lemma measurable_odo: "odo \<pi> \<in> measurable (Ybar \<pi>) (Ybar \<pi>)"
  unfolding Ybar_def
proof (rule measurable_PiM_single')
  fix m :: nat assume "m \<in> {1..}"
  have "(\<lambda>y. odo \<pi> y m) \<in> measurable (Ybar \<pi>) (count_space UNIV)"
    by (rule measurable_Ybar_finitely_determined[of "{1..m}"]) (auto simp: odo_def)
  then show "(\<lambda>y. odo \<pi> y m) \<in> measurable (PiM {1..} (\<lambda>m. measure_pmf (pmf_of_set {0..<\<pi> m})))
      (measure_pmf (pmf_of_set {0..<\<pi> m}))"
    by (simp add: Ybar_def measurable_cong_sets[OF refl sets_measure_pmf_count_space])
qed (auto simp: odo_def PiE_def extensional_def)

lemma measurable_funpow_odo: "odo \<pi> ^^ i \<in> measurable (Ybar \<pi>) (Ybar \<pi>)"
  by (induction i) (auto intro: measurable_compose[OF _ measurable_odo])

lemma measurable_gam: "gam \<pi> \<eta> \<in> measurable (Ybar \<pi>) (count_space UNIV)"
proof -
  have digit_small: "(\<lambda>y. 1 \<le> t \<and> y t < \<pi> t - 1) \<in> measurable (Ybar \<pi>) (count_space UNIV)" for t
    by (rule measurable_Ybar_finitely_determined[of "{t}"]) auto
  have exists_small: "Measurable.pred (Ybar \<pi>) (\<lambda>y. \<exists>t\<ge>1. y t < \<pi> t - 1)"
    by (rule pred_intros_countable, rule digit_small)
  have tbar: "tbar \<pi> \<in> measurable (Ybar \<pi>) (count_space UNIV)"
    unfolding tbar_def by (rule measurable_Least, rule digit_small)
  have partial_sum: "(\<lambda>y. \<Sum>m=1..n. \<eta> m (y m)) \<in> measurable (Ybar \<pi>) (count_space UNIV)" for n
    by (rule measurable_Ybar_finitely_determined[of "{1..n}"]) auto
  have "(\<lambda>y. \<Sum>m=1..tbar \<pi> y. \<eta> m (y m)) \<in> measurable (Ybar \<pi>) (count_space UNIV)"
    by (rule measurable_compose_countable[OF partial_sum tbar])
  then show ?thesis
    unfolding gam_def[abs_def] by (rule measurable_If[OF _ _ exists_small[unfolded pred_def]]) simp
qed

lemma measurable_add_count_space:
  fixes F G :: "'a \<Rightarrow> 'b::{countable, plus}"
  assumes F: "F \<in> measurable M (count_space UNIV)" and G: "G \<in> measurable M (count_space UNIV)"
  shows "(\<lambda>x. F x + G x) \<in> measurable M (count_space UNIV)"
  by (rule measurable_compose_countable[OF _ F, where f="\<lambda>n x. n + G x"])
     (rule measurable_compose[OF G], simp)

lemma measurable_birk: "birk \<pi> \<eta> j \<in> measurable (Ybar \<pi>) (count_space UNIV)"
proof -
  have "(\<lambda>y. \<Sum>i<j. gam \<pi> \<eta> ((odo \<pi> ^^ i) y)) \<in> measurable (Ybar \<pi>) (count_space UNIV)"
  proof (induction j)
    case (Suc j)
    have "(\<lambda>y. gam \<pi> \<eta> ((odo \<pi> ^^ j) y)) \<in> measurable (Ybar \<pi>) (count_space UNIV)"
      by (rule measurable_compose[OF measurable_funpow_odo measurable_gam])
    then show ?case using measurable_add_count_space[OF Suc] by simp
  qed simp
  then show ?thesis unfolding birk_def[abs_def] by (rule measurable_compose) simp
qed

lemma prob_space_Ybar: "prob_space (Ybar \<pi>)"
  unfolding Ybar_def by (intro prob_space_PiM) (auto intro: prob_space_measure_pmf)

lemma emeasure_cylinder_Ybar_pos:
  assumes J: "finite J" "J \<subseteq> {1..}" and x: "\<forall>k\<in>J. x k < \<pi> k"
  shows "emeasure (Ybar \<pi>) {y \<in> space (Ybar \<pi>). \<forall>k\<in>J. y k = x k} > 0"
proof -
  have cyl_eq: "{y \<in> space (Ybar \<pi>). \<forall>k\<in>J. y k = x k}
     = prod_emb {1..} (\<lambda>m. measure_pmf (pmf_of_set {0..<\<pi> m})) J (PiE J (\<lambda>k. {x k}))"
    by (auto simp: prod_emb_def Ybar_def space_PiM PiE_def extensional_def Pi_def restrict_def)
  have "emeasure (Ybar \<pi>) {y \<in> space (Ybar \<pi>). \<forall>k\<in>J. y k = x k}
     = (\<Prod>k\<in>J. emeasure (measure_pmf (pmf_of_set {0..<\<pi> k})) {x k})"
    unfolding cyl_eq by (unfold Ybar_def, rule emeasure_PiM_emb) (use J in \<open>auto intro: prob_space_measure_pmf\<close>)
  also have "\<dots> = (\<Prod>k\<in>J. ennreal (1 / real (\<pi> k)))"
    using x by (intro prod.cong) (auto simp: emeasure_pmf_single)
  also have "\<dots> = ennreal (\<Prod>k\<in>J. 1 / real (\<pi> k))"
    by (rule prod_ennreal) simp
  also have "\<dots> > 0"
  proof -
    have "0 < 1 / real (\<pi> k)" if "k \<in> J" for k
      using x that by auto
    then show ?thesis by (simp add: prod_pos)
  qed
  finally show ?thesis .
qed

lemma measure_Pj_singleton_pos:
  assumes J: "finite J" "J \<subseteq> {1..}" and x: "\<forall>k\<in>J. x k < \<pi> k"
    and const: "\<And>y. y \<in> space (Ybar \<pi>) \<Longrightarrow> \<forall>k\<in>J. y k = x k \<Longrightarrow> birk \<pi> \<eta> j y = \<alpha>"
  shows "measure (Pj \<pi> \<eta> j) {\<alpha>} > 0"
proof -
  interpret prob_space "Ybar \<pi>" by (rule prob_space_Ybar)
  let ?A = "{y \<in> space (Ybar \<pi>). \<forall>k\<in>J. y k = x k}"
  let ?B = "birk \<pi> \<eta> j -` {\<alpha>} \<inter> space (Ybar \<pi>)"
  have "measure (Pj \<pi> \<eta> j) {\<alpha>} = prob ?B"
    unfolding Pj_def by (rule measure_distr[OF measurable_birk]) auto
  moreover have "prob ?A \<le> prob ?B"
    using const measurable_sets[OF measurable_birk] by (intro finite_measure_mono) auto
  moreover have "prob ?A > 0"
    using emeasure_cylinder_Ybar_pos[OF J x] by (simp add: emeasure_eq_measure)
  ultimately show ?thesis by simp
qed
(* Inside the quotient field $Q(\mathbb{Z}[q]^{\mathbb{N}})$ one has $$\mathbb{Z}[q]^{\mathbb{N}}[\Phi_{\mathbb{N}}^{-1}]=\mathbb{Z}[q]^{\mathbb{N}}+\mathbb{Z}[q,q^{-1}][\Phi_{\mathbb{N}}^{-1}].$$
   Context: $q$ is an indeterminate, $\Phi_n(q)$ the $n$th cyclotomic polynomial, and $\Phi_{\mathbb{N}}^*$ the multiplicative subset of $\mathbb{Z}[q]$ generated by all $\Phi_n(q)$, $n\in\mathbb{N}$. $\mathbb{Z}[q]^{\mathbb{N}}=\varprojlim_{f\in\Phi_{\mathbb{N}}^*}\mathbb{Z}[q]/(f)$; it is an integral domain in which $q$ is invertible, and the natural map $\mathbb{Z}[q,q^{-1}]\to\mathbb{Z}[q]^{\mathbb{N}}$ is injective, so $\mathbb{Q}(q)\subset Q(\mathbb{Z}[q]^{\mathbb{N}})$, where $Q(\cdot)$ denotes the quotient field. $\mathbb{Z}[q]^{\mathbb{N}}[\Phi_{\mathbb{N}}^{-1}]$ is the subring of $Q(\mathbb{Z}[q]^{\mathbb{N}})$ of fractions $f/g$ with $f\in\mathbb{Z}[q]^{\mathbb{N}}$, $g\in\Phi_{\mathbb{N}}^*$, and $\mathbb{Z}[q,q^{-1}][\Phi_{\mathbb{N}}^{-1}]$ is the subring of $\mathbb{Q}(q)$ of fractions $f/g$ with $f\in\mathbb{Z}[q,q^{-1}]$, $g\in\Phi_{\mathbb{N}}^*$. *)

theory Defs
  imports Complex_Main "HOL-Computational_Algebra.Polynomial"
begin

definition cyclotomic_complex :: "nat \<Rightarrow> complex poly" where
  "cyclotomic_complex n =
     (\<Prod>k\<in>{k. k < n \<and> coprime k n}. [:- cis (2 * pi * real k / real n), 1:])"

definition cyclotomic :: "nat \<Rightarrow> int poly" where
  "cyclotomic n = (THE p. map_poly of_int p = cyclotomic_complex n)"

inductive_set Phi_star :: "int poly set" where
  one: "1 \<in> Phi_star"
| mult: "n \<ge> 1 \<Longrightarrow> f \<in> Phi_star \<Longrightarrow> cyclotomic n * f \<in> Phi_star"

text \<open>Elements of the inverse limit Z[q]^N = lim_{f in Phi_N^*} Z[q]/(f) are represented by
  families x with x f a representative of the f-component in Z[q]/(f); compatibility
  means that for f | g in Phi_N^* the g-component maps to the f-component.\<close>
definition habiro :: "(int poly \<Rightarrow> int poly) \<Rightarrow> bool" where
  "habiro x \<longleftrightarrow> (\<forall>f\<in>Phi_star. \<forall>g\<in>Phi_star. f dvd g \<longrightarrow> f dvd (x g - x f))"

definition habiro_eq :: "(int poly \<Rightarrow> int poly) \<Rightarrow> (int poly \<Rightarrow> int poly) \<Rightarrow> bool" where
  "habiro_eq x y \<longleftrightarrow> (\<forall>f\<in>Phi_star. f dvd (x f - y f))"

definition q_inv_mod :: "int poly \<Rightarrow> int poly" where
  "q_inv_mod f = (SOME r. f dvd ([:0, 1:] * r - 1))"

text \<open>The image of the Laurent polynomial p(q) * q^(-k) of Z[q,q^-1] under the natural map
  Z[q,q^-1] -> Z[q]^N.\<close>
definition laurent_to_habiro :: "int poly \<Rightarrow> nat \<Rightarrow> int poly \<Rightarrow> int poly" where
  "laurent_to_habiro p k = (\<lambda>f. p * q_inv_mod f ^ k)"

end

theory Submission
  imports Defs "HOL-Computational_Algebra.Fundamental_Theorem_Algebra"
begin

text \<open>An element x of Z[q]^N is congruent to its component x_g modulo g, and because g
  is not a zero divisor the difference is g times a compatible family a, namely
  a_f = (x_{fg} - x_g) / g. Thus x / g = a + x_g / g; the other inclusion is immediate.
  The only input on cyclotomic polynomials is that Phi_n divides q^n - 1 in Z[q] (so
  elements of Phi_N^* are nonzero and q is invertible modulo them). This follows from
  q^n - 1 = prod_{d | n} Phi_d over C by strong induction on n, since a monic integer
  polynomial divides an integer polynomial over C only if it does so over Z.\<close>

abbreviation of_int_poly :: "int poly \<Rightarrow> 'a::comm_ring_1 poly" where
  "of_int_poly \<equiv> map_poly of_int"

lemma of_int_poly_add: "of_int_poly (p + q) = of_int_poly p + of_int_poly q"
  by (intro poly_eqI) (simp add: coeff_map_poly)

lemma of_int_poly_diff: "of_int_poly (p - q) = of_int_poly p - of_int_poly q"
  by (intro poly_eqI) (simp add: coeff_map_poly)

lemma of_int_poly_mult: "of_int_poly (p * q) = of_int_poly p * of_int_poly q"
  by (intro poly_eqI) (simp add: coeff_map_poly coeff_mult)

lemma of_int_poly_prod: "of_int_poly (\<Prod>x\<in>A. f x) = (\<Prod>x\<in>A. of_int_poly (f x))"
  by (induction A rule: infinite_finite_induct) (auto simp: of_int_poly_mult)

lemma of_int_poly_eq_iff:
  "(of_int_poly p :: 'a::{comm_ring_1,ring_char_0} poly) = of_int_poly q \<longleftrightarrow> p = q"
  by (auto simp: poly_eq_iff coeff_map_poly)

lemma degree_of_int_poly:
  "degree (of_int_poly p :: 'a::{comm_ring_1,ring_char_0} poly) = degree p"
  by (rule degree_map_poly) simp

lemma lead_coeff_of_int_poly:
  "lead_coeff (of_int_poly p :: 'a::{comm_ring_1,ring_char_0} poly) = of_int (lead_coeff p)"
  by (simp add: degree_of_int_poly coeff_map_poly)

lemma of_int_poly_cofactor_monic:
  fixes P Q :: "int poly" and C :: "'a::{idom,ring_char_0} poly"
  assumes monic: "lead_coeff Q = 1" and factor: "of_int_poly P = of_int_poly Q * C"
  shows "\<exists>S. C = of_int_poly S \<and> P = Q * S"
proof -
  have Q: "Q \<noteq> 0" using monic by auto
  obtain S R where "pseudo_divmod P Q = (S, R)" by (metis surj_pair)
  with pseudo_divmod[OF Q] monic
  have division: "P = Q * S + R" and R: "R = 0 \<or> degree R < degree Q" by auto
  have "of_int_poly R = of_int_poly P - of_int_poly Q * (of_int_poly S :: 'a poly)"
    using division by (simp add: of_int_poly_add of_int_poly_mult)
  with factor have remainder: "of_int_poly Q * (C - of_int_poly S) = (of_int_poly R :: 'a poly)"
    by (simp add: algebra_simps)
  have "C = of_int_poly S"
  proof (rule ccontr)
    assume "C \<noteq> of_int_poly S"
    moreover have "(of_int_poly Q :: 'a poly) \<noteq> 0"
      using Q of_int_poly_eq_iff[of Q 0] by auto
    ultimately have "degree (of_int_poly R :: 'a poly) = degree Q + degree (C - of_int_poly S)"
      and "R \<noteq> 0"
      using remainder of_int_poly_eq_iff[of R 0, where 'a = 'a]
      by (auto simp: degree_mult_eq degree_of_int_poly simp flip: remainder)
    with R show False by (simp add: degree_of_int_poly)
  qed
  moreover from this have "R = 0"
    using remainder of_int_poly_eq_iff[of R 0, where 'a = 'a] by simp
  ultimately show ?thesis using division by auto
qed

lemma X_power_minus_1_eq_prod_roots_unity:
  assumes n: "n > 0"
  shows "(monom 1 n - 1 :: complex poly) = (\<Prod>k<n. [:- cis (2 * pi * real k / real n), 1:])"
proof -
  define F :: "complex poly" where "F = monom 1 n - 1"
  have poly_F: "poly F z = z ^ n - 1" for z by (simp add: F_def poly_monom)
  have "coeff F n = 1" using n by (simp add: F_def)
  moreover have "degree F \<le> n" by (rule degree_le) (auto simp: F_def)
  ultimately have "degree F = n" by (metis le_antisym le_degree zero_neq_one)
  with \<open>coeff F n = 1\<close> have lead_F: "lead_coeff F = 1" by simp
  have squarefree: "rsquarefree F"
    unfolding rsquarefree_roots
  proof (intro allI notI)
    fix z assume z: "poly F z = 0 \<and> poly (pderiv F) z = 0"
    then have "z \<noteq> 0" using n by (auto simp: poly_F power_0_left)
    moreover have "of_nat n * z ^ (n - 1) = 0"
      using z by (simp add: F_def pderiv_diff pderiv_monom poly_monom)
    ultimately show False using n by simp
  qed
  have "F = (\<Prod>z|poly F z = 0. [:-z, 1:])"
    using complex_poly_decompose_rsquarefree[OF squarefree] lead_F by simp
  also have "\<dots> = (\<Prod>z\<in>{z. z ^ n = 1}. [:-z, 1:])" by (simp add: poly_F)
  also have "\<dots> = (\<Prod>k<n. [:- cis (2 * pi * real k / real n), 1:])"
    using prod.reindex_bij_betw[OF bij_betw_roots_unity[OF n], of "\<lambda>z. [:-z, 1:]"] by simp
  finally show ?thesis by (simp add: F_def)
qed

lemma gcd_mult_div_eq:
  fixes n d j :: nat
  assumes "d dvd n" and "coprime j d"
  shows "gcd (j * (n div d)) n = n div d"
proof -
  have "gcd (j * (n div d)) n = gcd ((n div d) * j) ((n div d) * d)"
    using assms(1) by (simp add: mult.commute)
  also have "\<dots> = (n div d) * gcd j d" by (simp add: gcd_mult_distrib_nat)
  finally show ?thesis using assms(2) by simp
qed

******

In the entries above, some lines hold the string "that". Copy each of them.

      using x that by auto
  means that for f | g in Phi_N^* the g-component maps to the f-component.\<close>
  The only input on cyclotomic polynomials is that Phi_n divides q^n - 1 in Z[q] (so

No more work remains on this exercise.